Friday, September 5, 2008

Maumee Bay SP terns and LBBG

In years past I've found early September to be a great time for studying terns at Maumee Bay State Park. Today (Friday Sept. 5) I visited and found about 300 terns resting on the beach there -- my estimates were roughly 160 Common Terns, 120 Forster's Terns, and 20 Caspian Terns. The opportunity to compare a lot of Forster's and Commons side by side makes it easier to recognize the species when we see smaller numbers of them separately. Right now there are still a few adult Commons that are mostly in breeding plumage, but most of the birds are in transitional plumages and showing a lot of variation. With the birds resting at close range, it's possible to check the identifications of odd individuals by considering their bill shapes, as the Common's bill is distinctly smaller and narrower, more attenuated toward the tip. When the birds get up and fly around (as happens periodically when they're disturbed), it's possible to study their flight patterns also. (While I was watching them today, all the terns took off at once, and out of the corner of my eye I saw two large dogs bounding down the beach; then I took a second look at realized that the "dogs" were White-tailed Deer!)

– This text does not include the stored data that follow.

lemma subspace_hplane: "vec.subspace (hplane a)"
  unfolding vec.subspace_def hplane_def dot4_def by (simp add: algebra_simps)

lemma hplane_smult: "v \<in> hplane a \<Longrightarrow> k *s v \<in> hplane a"
  using vec.subspace_scale[OF subspace_hplane] by blast

lemma nucleus_notin_hplane: "nucleus \<notin> hplane a"
  by (simp add: hplane_def dot4_def nucleus_def)

lemma dim_hplane_le: "vec.dim (hplane (a::'a::field^5)) \<le> 4"
proof -
  have "vec.span (hplane a) = hplane a" using subspace_hplane by (rule vec.span_eq_iff[THEN iffD2])
  then have "vec.span (hplane a) \<subset> vec.span UNIV"
    unfolding vec.span_UNIV using nucleus_notin_hplane[of a] by blast
  then have "vec.dim (hplane a) < vec.dim (UNIV :: ('a^5) set)" by (rule vec.dim_psubset)
  then show ?thesis by (simp add: card_cart_basis)
qed

lemma subspace_eq_hplane:
  assumes subspace: "vec.subspace W" and dim: "vec.dim W = 4" and N: "(nucleus :: 'a::field^5) \<notin> W"
  obtains a where "W = hplane a"
proof -
  have spanW: "vec.span W = W" by (rule vec.span_eq_iff[THEN iffD2, OF subspace])
  have "nucleus \<notin> vec.span W" unfolding spanW by (rule N)
  then have "vec.dim (insert nucleus W) = vec.dim (UNIV :: ('a^5) set)"
    using dim by (simp add: vec.dim_insert card_cart_basis)
  then have full: "vec.span (insert nucleus W) = UNIV"
    using vec.dim_eq_span[of "insert nucleus W" UNIV] by simp
  have decompose: "\<exists>k. x - k *s nucleus \<in> W" for x
  proof -
    have "x \<in> vec.span (insert nucleus W)" unfolding full ..
    then show ?thesis unfolding vec.span_insert spanW by simp
  qed
  obtain k0 where k0: "vec5 1 0 0 0 0 - k0 *s nucleus \<in> W" using decompose by blast
  obtain k1 where k1: "vec5 0 1 0 0 0 - k1 *s nucleus \<in> W" using decompose by blast
  obtain k2 where k2: "vec5 0 0 1 0 0 - k2 *s nucleus \<in> W" using decompose by blast
  obtain k3 where k3: "vec5 0 0 0 1 0 - k3 *s nucleus \<in> W" using decompose by blast
  define a where "a = vec5 (- k0) (- k1) (- k2) (- k3) (0::'a)"
  define proj where "proj (v::'a^5) =
       v$0 *s (vec5 1 0 0 0 0 - k0 *s nucleus) + v$1 *s (vec5 0 1 0 0 0 - k1 *s nucleus)
       + v$2 *s (vec5 0 0 1 0 0 - k2 *s nucleus) + v$3 *s (vec5 0 0 0 1 0 - k3 *s nucleus)" for v
  have proj_in: "proj v \<in> W" for v
    unfolding proj_def using k0 k1 k2 k3
      by (intro vec.subspace_add[OF subspace] vec.subspace_scale[OF subspace])
  have proj_diff: "v - proj v = (v$4 - dot4 a v) *s nucleus" for v :: "'a^5"
    unfolding proj_def a_def nucleus_def dot4_def by (simp add: vec5_eq_iff algebra_simps)
  have "v \<in> W \<longleftrightarrow> v \<in> hplane a" for v
  proof
    assume "v \<in> W"
    then have "(v$4 - dot4 a v) *s nucleus \<in> W"
      using vec.subspace_diff[OF subspace _ proj_in] proj_diff by metis
    moreover have "nucleus = inverse t *s (t *s nucleus)" if "t \<noteq> 0" for t :: 'a
      using that by (simp add: vector_smult_assoc)
    ultimately have "v$4 - dot4 a v = 0"
      using N vec.subspace_scale[OF subspace] by metis
    then show "v \<in> hplane a" unfolding hplane_def by simp
  next
    assume "v \<in> hplane a"
    then have "v = proj v" using proj_diff[of v] unfolding hplane_def by simp
    then show "v \<in> W" using proj_in by metis
  qed
  then show ?thesis using that by blast
qed

lemma elliptic_section_eq_hplane:
  assumes "(2::'a::field) = 0" and "finite (UNIV :: 'a set)"
    and "elliptic_section (W :: ('a^5) set)"
  obtains a where "W = hplane a"
proof -
  have "vec.subspace W" "vec.dim W = 4" using assms(3) unfolding elliptic_section_def by blast+
  then show ?thesis using subspace_eq_hplane nucleus_notin_elliptic_section[OF assms] that by blast
qed

lemma quadric_frame_span_hplane:
  assumes char2: "(2::'a::field) = 0" and F: "quadric_frame (e :: nat \<Rightarrow> 'a^5) b 1 d"
    and in_hplane: "e 0 \<in> hplane a" "e 1 \<in> hplane a" "e 2 \<in> hplane a" "e 3 \<in> hplane a"
  shows "vec.span (e ` {0..3}) = hplane a"
proof
  have indices: "{0..3::nat} = {0, 1, 2, 3}" by auto
  then show "vec.span (e ` {0..3}) \<subseteq> hplane a"
    using in_hplane by (intro vec.span_minimal subspace_hplane) auto
  note frame = quadric_frame_independent[OF char2 F one_neq_zero]
  have "card (e ` {0..3}) = 4" using card_image[OF frame(1)] by simp
  then show "hplane a \<subseteq> vec.span (e ` {0..3})"
    using frame(2) dim_hplane_le[of a] in_hplane indices
    by (intro vec.card_ge_dim_independent) auto
qed

definition hyp_form :: "'a::field^5 \<Rightarrow> 'a" where
  "hyp_form a = a$0 * a$1 + a$2 * a$3"

lemma hyp_form_add: "hyp_form (x + y) = hyp_form x + hyp_form y + polar x y"
  by (simp add: hyp_form_def polar_def algebra_simps)

lemma hyp_form_smult: "hyp_form (k *s y) = k * k * hyp_form y"
  by (simp add: hyp_form_def algebra_simps)

text \<open>On \<open>hplane a\<close> the quadratic form is \<open>x\<^sub>0 x\<^sub>1 + x\<^sub>2 x\<^sub>3 + (a \<cdot> x)\<^sup>2\<close>; the frames below bring
  it to the shape \<open>y\<^sub>0 y\<^sub>1 + hyp_form a y\<^sub>2\<^sup>2 + y\<^sub>2 y\<^sub>3 + y\<^sub>3\<^sup>2\<close>, so that \<open>hyp_form a\<close> is its Arf
  invariant.\<close>

lemma hplane_quadric_frame:
  assumes char2: "(2::'a::field) = 0" and nz: "a$0 \<noteq> 0 \<or> a$1 \<noteq> 0 \<or> a$2 \<noteq> 0 \<or> (a::'a^5)$3 \<noteq> 0"
  obtains e where "quadric_frame e (hyp_form a) 1 1"
    "e 0 \<in> hplane a" "e 1 \<in> hplane a" "e 2 \<in> hplane a" "e 3 \<in> hplane a"
proof -
  note obtain_frame = that
  let ?e2 = "vec5 (a$1) (a$0) (a$3) (a$2) 0"
  have frame: thesis if "quadric_frame ((!) [e0, e1, ?e2, e3]) (hyp_form a) 1 1"
    "e0 \<in> hplane a" "e1 \<in> hplane a" "e3 \<in> hplane a" for e0 e1 e3
    using that char2
    by (intro obtain_frame[of "(!) [e0, e1, ?e2, e3]"]) (simp_all add: hyp_form_def)
  show ?thesis
    using nz
  proof (elim disjE)
    assume "a$0 \<noteq> 0"
    then show ?thesis using char2
      by (intro frame[of "vec5 (a$2 / a$0) 0 1 0 0" "vec5 (a$3 / a$0) 0 0 1 0"
          "vec5 (1 / a$0) 0 0 0 1"])
        (simp_all add: quadric_frame_def hyp_form_def field_simps)
  next
    assume "a$1 \<noteq> 0"
    then show ?thesis using char2
      by (intro frame[of "vec5 0 (a$2 / a$1) 1 0 0" "vec5 0 (a$3 / a$1) 0 1 0"
          "vec5 0 (1 / a$1) 0 0 1"])
        (simp_all add: quadric_frame_def hyp_form_def field_simps)
  next
    assume "a$2 \<noteq> 0"
    then show ?thesis using char2
      by (intro frame[of "vec5 1 0 (a$0 / a$2) 0 0" "vec5 0 1 (a$1 / a$2) 0 0"
          "vec5 0 0 (1 / a$2) 0 1"])
        (simp_all add: quadric_frame_def hyp_form_def field_simps)
  next
    assume "a$3 \<noteq> 0"
    then show ?thesis using char2
      by (intro frame[of "vec5 1 0 0 (a$0 / a$3) 0" "vec5 0 1 0 (a$1 / a$3) 0"
          "vec5 0 0 0 (1 / a$3) 1"])
        (simp_all add: quadric_frame_def hyp_form_def field_simps)
  qed
qed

The flocks of gulls resting on the beaches and in the parking lots today (mostly Ring-billed, some Herring and Bonaparte's Gulls) included a single one-year-old Lesser Black-backed Gull in the 2nd lot back from the beach -- this species shows up more frequently in winter here. Along the water's edge on the beach were single juveniles of Sanderling and Ruddy Turnstone. Brian Zwiebel had seen a Buff-breasted Sandpiper in the grass near the beach a few days ago but I didn't see it today.